68 Jurnalis Ditangkap dan Diserang saat Meliput Demonstrasi di AS

  • Whatsapp

Kabarsiana.com, NEW YORK – Sebanyak 68 jurnalis ditangkap, diserang atau dirusak peralatannya saat meliput kerusuhan di Amerika Serikat, yang terpicu kematian pria kulit hitam, George Flyod.

Mengutip The Globe and Mail, Senin (1/6) Komite untuk Melindungi Jurnalis (CPJ), yang berbasis di New York, dalam sebuah pernyataan mengatakan bahhwa tindakan penangkapan dan penyerangan kepada jurnalis tidak dapat diterima dan upaya untuk mengintimidasi wartawan.

Bacaan Lainnya

Serangan-serangan kepada jurnalis telah menyebar luas, berdampak pada setiap jenis jurnalis, fotografer, reporter, tokoh pertelevisian, dan videografer.

Beberapa dari mereka bekerja untuk jaringan besar seperti Fox, NBC dan CNN. Sedangkan yang lain bekerja untuk surat kabar, seperti Los Angeles Times.

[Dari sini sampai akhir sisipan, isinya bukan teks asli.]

lemma gdn_step_uniform_decrease:
  fixes phi :: "'a::euclidean_space \<Rightarrow> real"
  assumes grad: "\<And>x. (phi has_derivative (\<lambda>h. g x \<bullet> h)) (at x)"
    and lip: "L-lipschitz_on (ball p r) g" and "r > 0" "\<kappa> > 0"
    and pos: "hess2_posdef_on \<kappa> (ball p r) g"
    and "c > 0" "0 < \<sigma>" "\<sigma> < 1" "0 < \<beta>" "\<beta> < 1"
  obtains \<delta> where "\<delta> > 0"
    "\<And>y y'. y \<in> ball p (r / 2) \<Longrightarrow> c \<le> norm (g y) \<Longrightarrow> gdn_step phi g \<sigma> \<beta> y y' \<Longrightarrow> phi y' \<le> phi y - \<delta>"
proof -
  define D where "D = (norm (g p) + L * r) / \<kappa>"
  define \<tau> where "\<tau> = min 1 (\<beta> * min (r / 2 / (D + 1)) ((1 - \<sigma>) * \<kappa> / (L + 1)))"
  have "L \<ge> 0" using lipschitz_on_nonneg[OF lip] .
  then have "D \<ge> 0" using \<open>r > 0\<close> \<open>\<kappa> > 0\<close> by (simp add: D_def)
  then have "\<tau> > 0" using \<open>L \<ge> 0\<close> \<open>r > 0\<close> \<open>\<kappa> > 0\<close> \<open>\<sigma> < 1\<close> \<open>0 < \<beta>\<close> by (simp add: \<tau>_def)
  have "norm (g p) + L * r \<le> \<kappa> * D" using \<open>\<kappa> > 0\<close> by (simp add: D_def)
  note decrease = gdn_step_decrease_ge[OF grad lip pos \<open>\<kappa> > 0\<close> this]
  have "phi y' \<le> phi y - \<sigma> * \<tau> * (\<kappa> * (c / (L + 1))\<^sup>2)"
    if "y \<in> ball p (r / 2)" "c \<le> norm (g y)" "gdn_step phi g \<sigma> \<beta> y y'" for y y'
  proof -
    have "(c / (L + 1))\<^sup>2 \<le> (norm (g y) / (L + 1))\<^sup>2"
      using that(2) \<open>c > 0\<close> \<open>L \<ge> 0\<close> by (intro power_mono divide_right_mono) auto
    then show ?thesis
      using decrease[OF that(1) _ that(3) assms(7-10)] that(2) \<open>c > 0\<close> \<open>0 < \<sigma>\<close> \<open>\<tau> > 0\<close> \<open>\<kappa> > 0\<close>
      unfolding \<tau>_def[symmetric] by (smt (verit) mult_left_mono mult_pos_pos norm_zero)
  qed
  moreover have "\<sigma> * \<tau> * (\<kappa> * (c / (L + 1))\<^sup>2) > 0"
    using \<open>0 < \<sigma>\<close> \<open>\<tau> > 0\<close> \<open>\<kappa> > 0\<close> \<open>c > 0\<close> \<open>L \<ge> 0\<close> by simp
  ultimately show thesis using that by blast
qed

section \<open>The damped Newton iteration\<close>

lemma gdn_step_descent:
  fixes phi :: "'a::euclidean_space \<Rightarrow> real"
  assumes "gdn_step phi g \<sigma> \<beta> x x'" "loc_lipschitz g" "hess2_posdef g x" "0 \<le> \<sigma>" "0 < \<beta>"
  shows "phi x' \<le> phi x"
proof (cases "g x = 0")
  case False
  then obtain d where d: "- g x \<in> hess2 g x d" and "\<exists>j. armijo phi g \<sigma> \<beta> x d j"
    and x': "x' = x + \<beta> ^ (LEAST j. armijo phi g \<sigma> \<beta> x d j) *\<^sub>R d"
    using assms(1) unfolding gdn_step_def by auto
  define j where "j = (LEAST j. armijo phi g \<sigma> \<beta> x d j)"
  have "armijo phi g \<sigma> \<beta> x d j"
    unfolding j_def by (rule LeastI_ex[OF \<open>\<exists>j. armijo phi g \<sigma> \<beta> x d j\<close>])
  moreover have "\<sigma> * \<beta> ^ j * (g x \<bullet> d) \<le> 0"
    using newton_direction_descent[OF assms(2,3) False d] assms(4,5) by (simp add: mult_nonneg_nonpos)
  moreover have "x' = x + \<beta> ^ j *\<^sub>R d" using x' by (simp add: j_def)
  ultimately show ?thesis by (simp add: armijo_def)
qed (use assms(1) in \<open>simp add: gdn_step_def\<close>)

lemma gdn_run_sublevel:
  fixes phi :: "'a::euclidean_space \<Rightarrow> real"
  assumes run: "gdn_run phi g \<sigma> \<beta> x0 x N" and "loc_lipschitz g"
    and posdef: "\<And>y. phi y \<le> phi x0 \<Longrightarrow> hess2_posdef g y" and "0 \<le> \<sigma>" "0 < \<beta>"
  shows "k \<le> N \<Longrightarrow> phi (x k) \<le> phi x0"
proof (induction k)
  case (Suc k)
  then have "phi (x k) \<le> phi x0" by simp
  moreover have "gdn_step phi g \<sigma> \<beta> (x k) (x (Suc k))" using run Suc.prems by (simp add: gdn_run_def)
  ultimately show ?case
    using gdn_step_descent[OF _ \<open>loc_lipschitz g\<close> posdef \<open>0 \<le> \<sigma>\<close> \<open>0 < \<beta>\<close>] by fastforce
qed (use run in \<open>simp add: gdn_run_def\<close>)

lemma limit_point_of_decreasing_le:
  fixes f :: "nat \<Rightarrow> real"
  assumes "\<And>k. f (Suc k) \<le> f k" "strict_mono s" "(\<lambda>n. f (s n)) \<longlonglongrightarrow> l"
  shows "l \<le> f k"
proof (rule LIMSEQ_le_const2[OF assms(3)], intro exI allI impI)
  fix n assume "k \<le> n"
  then show "f (s n) \<le> f k"
    using seq_suble[OF assms(2), of n] decseqD[OF decseq_SucI[where X = f, OF assms(1)]] by simp
qed

lemma gdn_limit_point_critical:
  fixes phi :: "'a::euclidean_space \<Rightarrow> real"
  assumes grad: "\<And>x. (phi has_derivative (\<lambda>h. g x \<bullet> h)) (at x)"
    and lip: "L-lipschitz_on (ball p r) g" and "r > 0" "\<kappa> > 0"
    and pos: "hess2_posdef_on \<kappa> (ball p r) g"
    and steps: "\<And>k. gdn_step phi g \<sigma> \<beta> (x k) (x (Suc k))" and lower: "\<And>k. phi p \<le> phi (x k)"
    and lim: "(\<lambda>n. x (s n)) \<longlonglongrightarrow> p" and "0 < \<sigma>" "\<sigma> < 1" "0 < \<beta>" "\<beta> < 1"
  shows "g p = 0"
proof (rule ccontr)
  assume "g p \<noteq> 0"
  have "norm (g p) / 2 > 0" using \<open>g p \<noteq> 0\<close> by simp
  obtain \<delta> where "\<delta> > 0" and decrease: "\<And>y y'. y \<in> ball p (r / 2) \<Longrightarrow> norm (g p) / 2 \<le> norm (g y) \<Longrightarrow>
      gdn_step phi g \<sigma> \<beta> y y' \<Longrightarrow> phi y' \<le> phi y - \<delta>"
    using gdn_step_uniform_decrease[OF grad lip \<open>r > 0\<close> \<open>\<kappa> > 0\<close> pos \<open>norm (g p) / 2 > 0\<close> assms(9-12)]
    by blast
  have "isCont g p"
    using continuous_on_interior[OF lipschitz_on_continuous_on[OF lip]] \<open>r > 0\<close> by simp
  have "eventually (\<lambda>n. x (s n) \<in> ball p (r / 2)) sequentially"
    using lim \<open>r > 0\<close> by (intro topological_tendstoD) auto
  moreover have "eventually (\<lambda>n. norm (g p) / 2 < norm (g (x (s n)))) sequentially"
    using tendsto_norm[OF isCont_tendsto_compose[OF \<open>isCont g p\<close> lim]] \<open>g p \<noteq> 0\<close>
    by (intro order_tendstoD(1)) auto
  moreover have "eventually (\<lambda>n. phi (x (s n)) < phi p + \<delta>) sequentially"
    using isCont_tendsto_compose[OF has_derivative_continuous[OF grad] lim] \<open>\<delta> > 0\<close>
    by (intro order_tendstoD(2)) auto
  ultimately have "eventually (\<lambda>n. x (s n) \<in> ball p (r / 2) \<and> norm (g p) / 2 < norm (g (x (s n)))
      \<and> phi (x (s n)) < phi p + \<delta>) sequentially"
    by eventually_elim blast
  then obtain n where n: "x (s n) \<in> ball p (r / 2)" "norm (g p) / 2 < norm (g (x (s n)))"
    "phi (x (s n)) < phi p + \<delta>"
    using eventually_happens'[OF trivial_limit_sequentially] by blast
  have "phi (x (Suc (s n))) \<le> phi (x (s n)) - \<delta>"
    using decrease[OF n(1) less_imp_le[OF n(2)] steps] .
  then have "phi (x (Suc (s n))) < phi p" using n(3) by simp
  then show False using lower[of "Suc (s n)"] by simp
qed

lemma gdn_run_well_defined:
  fixes phi :: "'a::euclidean_space \<Rightarrow> real"
  assumes grad: "\<And>x. (phi has_derivative (\<lambda>h. g x \<bullet> h)) (at x)" and lip: "loc_lipschitz g"
    and posdef: "\<And>y. phi y \<le> phi x0 \<Longrightarrow> hess2_posdef g y"
    and run: "gdn_run phi g \<sigma> \<beta> x0 x N" and "0 < \<sigma>" "\<sigma> < 1" "0 < \<beta>" "\<beta> < 1"
  shows "(\<forall>k\<le>N. phi (x k) \<le> phi x0) \<and>
    (g (x N) \<noteq> 0 \<longrightarrow> (\<exists>d. - g (x N) \<in> hess2 g (x N) d) \<and>
       (\<forall>d. - g (x N) \<in> hess2 g (x N) d \<longrightarrow> (\<exists>j. armijo phi g \<sigma> \<beta> (x N) d j)))"
proof -
  have sublevel: "\<forall>k\<le>N. phi (x k) \<le> phi x0"
    using gdn_run_sublevel[OF run lip posdef] \<open>0 < \<sigma>\<close> \<open>0 < \<beta>\<close> by simp
  then have "hess2_posdef g (x N)" using posdef by simp
  moreover have "\<exists>j. armijo phi g \<sigma> \<beta> (x N) d j" if "g (x N) \<noteq> 0" "- g (x N) \<in> hess2 g (x N) d" for d
    using armijo_exists[OF grad \<open>\<sigma> < 1\<close> \<open>0 < \<beta>\<close> \<open>\<beta> < 1\<close> newton_direction_descent[OF lip _ that]]
      \<open>hess2_posdef g (x N)\<close> by blast
  ultimately show ?thesis using sublevel hess2_posdef_surjective[OF lip] by blast
qed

Banyak dari mereka adalah pekerja lepas, yang tanpa perlindungan dari perusahaan besar.

Di Minneapolis, tempat protes pertama kali terjadi setelah pembunuhan George Floyd pada 25 Mei, reporter CNN Omar Jimenez dan krunya ditangkap dan diborgol oleh polisi. Mereka ditangkap saat merekam jalan yang hampir kosong.

Gubernur Minnesota meminta maaf atas penangkapan para jurnalis.

Sebelumnya, pada 29 Mei, Linda Tirado, seorang fotografer lepas, dikejutkan oleh sebuah proyektil yang menyasar matanya.

Di Los Angeles, fotografer lepas Kanada Barbara Davidson mengatakan dia didorong oleh petugas LAPD setelah berulang kali mengatakan kepadanya bahwa dia adalah anggota pers. Kepalanya menabrak hidran, untungnya dia mengenakan helm skateboard.

“Dia benar-benar mengangkat kaki saya,” katanya kepada The Globe and Mail dalam sebuah wawancara.

“Itu agresi yang belum pernah saya alami sebelumnya,” lanjut dia.

Davidson mengatakan bahwa dia akan diinjak-injak oleh polisi anti huru hara jika pengunjuk rasa tidak menariknya ke tempat yang aman.

Di Louisville, Ky., Jurnalis siaran lokal Kaitlin Rust dan videografer James Dobson menangkap, seorang petugas polisi mengarahkan senapan bola merica ke arah mereka dan menembak berulang kali.

“Aku tertembak!” Teriak Rust ketika dia terkena peluru merica, yang melepaskan bubuk merica. Departemen kepolisian Louisville meminta maaf kepada Rust.

Kekerasan terhadap wartawan dilakukan oleh warga sipil. Briana Whitney, seorang reporter televisi CBS di Phoenix, sedang menceritakan sebuah protes kepada pemirsa, ketika seorang pria meneriakinya dan mencoba untuk menjebaknya dan hampir membuat dia jatuh.

Sementara di Atlanta kerumunan pengunjuk rasa memecahkan jendela dan menyemprotkan logo CNN di luar kantor.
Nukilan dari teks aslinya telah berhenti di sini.